Nickel sulphide mining can be a tough and dangerous business, as the underground mines in Western Australia often have to deal with tricky geological conditions and variable grades. Compared to the mining, putting sulphides through a concentrator and then sending the product to a smelter and refinery, is a relative breeze.
In laterites, the opposite is true. This type of nickel occurs close to the surface in relatively consistent grades and is amenable to open-cut mining. But extracting the nickel from the ore is a technically complex process involving leaching it with acid - often at high temperatures.
Given the choice between the two types of nickel mining, most companies would opt for sulphides, which are much cheaper to develop. But the lack of big nickel sulphide discoveries in recent years has pushed miners to examine laterite projects more closely.

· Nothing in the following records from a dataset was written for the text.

lemma tens_comp_proj_snd:
  assumes g: "well_typed g" "k < cod g" and f: "well_typed f"
    and IH: "eqA (dom g) 1 (Comp g (proj (cod g) k)) (circ_of (dom g) t)"
  shows "eqA (dom f + dom g) 1 (Comp (Tens f g) (proj (cod f + cod g) (cod f + k)))
    (circ_of (dom f + dom g) (subst (var_block (dom f) (dom g)) t))"
proof -
  let ?a = "dom f" and ?b = "cod f" and ?c = "dom g" and ?d = "cod g"
  have "eqA (?a + ?c) 1 (Comp (Tens f g) (proj (?b + ?d) (?b + k)))
      (Comp (Comp (Tens f g) (snd_proj ?b ?d)) (proj ?d k))"
    by (rule eqA_comp_reassocI, rule proj_snd_proj) (use f g in simp_all)
  also have "eqA (?a + ?c) 1 \<dots> (Comp (Comp (snd_proj ?a ?c) g) (proj ?d k))"
    by (rule eqA_comp_cong1, rule tens_comp_snd_proj) (use f g in simp_all)
  also have "eqA (?a + ?c) 1 \<dots> (Comp (snd_proj ?a ?c) (Comp g (proj ?d k)))"
    by (rule eqA_comp_assocI) (use g in simp_all)
  also have "eqA (?a + ?c) 1 \<dots> (Comp (snd_proj ?a ?c) (circ_of ?c t))"
    by (rule eqA_comp_cong2) (use IH in simp_all)
  also have "eqA (?a + ?c) 1 \<dots> (circ_of (?a + ?c) (subst (var_block ?a ?c) t))"
    by (rule snd_proj_comp_circ_of)
  finally show ?thesis .
qed

lemma sym_comp_proj:
  assumes "k < n + m"
  shows "eqA (m + n) 1 (Comp (Sym m n) (proj (n + m) k))
    (proj (m + n) (if k < n then m + k else k - n))"
proof (cases "k < n")
  case True
  have "eqA (m + n) 1 (Comp (Sym m n) (proj (n + m) k))
      (Comp (Comp (Sym m n) (fst_proj n m)) (proj n k))"
    by (rule eqA_comp_reassocI, rule proj_fst_proj) (use True in simp_all)
  also have "eqA (m + n) 1 \<dots> (Comp (snd_proj m n) (proj n k))"
    by (rule eqA_comp_cong1)
      (use True sym_comp_tens[of "discard_n m" "Id n"] in \<open>simp_all add: fst_proj_def snd_proj_def\<close>)
  also have "eqA (m + n) 1 \<dots> (proj (m + n) (m + k))"
    by (rule eqA.sym, rule proj_snd_proj) (use True in simp)
  finally show ?thesis
    using True by simp
next
  case False
  then obtain j where j: "k = n + j" "j < m"
    using assms by (metis add_less_cancel_left le_add_diff_inverse not_less)
  have "eqA (m + n) 1 (Comp (Sym m n) (proj (n + m) (n + j)))
      (Comp (Comp (Sym m n) (snd_proj n m)) (proj m j))"
    by (rule eqA_comp_reassocI, rule proj_snd_proj) (use j in simp_all)
  also have "eqA (m + n) 1 \<dots> (Comp (fst_proj m n) (proj m j))"
    by (rule eqA_comp_cong1)
      (use j sym_comp_tens[of "Id m" "discard_n n"] in \<open>simp_all add: fst_proj_def snd_proj_def\<close>)
  also have "eqA (m + n) 1 \<dots> (proj (m + n) j)"
    by (rule eqA.sym, rule proj_fst_proj) (use j in simp)
  finally show ?thesis
    using j by simp
qed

Many sulphide mines produce less than 10,000 tonnes a year, while a laterite operation can produce up to 60,000 tonnes a year.
At the opening of BHP Billiton's $US2.2 billion Ravensthorpe laterite operation last week - an innovative combination of atmospheric leaching and high-pressure acid leaching - the company acknowledged most of its future nickel projects were likely to be laterites rather than sulphides.
Smaller companies are following suit. With laterites widely acknowledged as the future of the nickel industry, The Drum has examined some investment options.
Off to a slow start
When it comes to standalone investment opportunities in nickel laterite in Australia, Minara Resourcesis the only miner in production. But it is also a prime example of the technical difficulties of processing laterite ore.
The Murrin Murrin mine in WA is a 60/40 joint venture between Minara and Swiss commodities trader Glencore. But Glencore also holds a 53 per cent stake in the miner.
Since entering production nine years ago, the high-pressure acid leach plant has never reached its intended production rate of 40,000 tonnes a year. It expects to produce 34,000 to 38,000 tonnes this year, following a maintenance shutdown last year, which was meant to fix some of the plant's problems. After completing a $70 million test program, Minara recently approved a $300 million heap leach project. It could deliver an extra 8000 to 10,000 tonnes of production starting from late next year, but the downside is the process is much slower than the leaching in the high-pressure acid leaching plant and the recoveries are lower.